## Task prompt
The lines to retype are the one with "(\<Sum>j<k. s i" and all that follow it to the end of the entries below; copy them exactly and nothing else.

Dataset entries:
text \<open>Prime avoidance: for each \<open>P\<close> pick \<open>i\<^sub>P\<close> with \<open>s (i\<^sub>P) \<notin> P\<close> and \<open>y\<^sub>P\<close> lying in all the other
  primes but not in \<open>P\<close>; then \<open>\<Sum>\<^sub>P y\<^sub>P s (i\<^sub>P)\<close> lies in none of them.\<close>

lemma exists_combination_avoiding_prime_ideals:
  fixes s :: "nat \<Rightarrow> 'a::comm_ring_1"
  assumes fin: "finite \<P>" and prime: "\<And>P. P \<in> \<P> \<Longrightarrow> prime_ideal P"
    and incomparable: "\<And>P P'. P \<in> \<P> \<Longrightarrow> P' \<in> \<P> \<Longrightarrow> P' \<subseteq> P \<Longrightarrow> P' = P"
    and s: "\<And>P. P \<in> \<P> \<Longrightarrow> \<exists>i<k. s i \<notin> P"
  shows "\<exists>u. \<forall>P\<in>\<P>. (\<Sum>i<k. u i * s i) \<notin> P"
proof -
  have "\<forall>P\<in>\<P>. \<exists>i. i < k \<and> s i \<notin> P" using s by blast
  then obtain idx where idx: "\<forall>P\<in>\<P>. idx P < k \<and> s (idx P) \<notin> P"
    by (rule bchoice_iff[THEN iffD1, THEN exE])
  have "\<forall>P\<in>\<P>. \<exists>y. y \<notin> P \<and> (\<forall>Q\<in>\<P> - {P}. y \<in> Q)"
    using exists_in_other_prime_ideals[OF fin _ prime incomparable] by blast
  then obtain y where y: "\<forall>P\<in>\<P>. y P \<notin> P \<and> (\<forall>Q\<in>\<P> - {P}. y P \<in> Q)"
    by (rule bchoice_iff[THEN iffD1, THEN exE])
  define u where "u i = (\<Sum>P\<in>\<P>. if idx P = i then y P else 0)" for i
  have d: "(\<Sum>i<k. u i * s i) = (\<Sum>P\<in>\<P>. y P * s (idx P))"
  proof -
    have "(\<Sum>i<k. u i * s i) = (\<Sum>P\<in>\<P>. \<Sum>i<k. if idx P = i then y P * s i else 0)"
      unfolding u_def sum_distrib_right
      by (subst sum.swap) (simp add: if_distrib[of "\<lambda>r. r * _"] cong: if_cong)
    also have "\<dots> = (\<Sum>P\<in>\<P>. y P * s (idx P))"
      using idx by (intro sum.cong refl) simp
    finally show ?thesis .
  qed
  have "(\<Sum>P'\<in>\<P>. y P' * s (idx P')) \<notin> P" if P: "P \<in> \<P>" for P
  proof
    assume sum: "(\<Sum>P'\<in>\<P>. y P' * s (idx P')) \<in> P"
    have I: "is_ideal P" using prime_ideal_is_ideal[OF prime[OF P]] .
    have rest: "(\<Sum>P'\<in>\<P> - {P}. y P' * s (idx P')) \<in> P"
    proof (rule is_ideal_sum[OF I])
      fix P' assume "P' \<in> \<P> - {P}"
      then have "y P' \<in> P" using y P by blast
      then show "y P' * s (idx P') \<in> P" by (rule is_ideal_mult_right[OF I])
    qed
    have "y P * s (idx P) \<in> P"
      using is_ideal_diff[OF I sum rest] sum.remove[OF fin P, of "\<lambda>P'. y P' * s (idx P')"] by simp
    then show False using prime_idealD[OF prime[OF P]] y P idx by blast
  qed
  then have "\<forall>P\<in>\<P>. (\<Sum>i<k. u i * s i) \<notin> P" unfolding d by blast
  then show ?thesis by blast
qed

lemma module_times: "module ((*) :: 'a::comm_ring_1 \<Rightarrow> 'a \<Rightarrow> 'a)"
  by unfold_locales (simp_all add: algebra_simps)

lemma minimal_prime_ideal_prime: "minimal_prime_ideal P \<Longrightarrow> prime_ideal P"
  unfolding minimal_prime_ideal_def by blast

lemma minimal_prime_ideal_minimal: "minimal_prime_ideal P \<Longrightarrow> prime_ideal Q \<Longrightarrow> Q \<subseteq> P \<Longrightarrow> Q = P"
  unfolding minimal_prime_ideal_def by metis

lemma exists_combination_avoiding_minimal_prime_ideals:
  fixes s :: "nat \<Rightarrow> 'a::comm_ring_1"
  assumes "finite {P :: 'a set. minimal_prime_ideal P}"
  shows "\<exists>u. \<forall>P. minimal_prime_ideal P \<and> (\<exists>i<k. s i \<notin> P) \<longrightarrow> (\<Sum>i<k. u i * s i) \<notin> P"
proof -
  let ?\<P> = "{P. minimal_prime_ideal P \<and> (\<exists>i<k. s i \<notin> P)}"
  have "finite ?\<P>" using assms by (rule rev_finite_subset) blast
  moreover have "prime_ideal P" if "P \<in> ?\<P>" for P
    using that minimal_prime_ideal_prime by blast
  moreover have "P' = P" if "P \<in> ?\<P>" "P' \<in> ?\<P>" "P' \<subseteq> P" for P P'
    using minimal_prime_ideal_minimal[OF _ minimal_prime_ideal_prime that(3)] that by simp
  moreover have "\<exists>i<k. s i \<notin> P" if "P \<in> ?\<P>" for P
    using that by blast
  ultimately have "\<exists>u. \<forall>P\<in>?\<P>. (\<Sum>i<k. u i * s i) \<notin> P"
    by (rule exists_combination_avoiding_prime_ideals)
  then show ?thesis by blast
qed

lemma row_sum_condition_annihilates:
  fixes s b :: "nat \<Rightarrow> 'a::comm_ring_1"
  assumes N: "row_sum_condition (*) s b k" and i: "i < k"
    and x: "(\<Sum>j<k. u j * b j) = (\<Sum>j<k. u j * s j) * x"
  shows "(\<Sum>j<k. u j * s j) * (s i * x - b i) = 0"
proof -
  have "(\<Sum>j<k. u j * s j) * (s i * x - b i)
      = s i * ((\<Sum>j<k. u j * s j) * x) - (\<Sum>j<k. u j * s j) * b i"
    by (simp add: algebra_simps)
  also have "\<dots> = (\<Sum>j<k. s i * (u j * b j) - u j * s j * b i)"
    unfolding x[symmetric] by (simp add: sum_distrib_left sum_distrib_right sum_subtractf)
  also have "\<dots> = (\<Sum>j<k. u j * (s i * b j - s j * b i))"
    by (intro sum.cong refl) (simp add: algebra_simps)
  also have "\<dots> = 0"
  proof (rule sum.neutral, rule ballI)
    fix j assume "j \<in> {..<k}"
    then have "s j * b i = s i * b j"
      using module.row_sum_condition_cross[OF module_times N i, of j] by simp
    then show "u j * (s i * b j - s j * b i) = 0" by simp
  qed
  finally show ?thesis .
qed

## Answer area
  also have "\<dots> = (\<Sum>j<k. s i * (u j * b j) - u j * s j * b i)"
    unfolding x[symmetric] by (simp add: sum_distrib_left sum_distrib_right sum_subtractf)
  also have "\<dots> = (\<Sum>j<k. u j * (s i * b j - s j * b i))"
    by (intro sum.cong refl) (simp add: algebra_simps)
  also have "\<dots> = 0"
  proof (rule sum.neutral, rule ballI)
    fix j assume "j \<in> {..<k}"
    then have "s j * b i = s i * b j"
      using module.row_sum_condition_cross[OF module_times N i, of j] by simp
    then show "u j * (s i * b j - s j * b i) = 0" by simp
  qed
  finally show ?thesis .
qed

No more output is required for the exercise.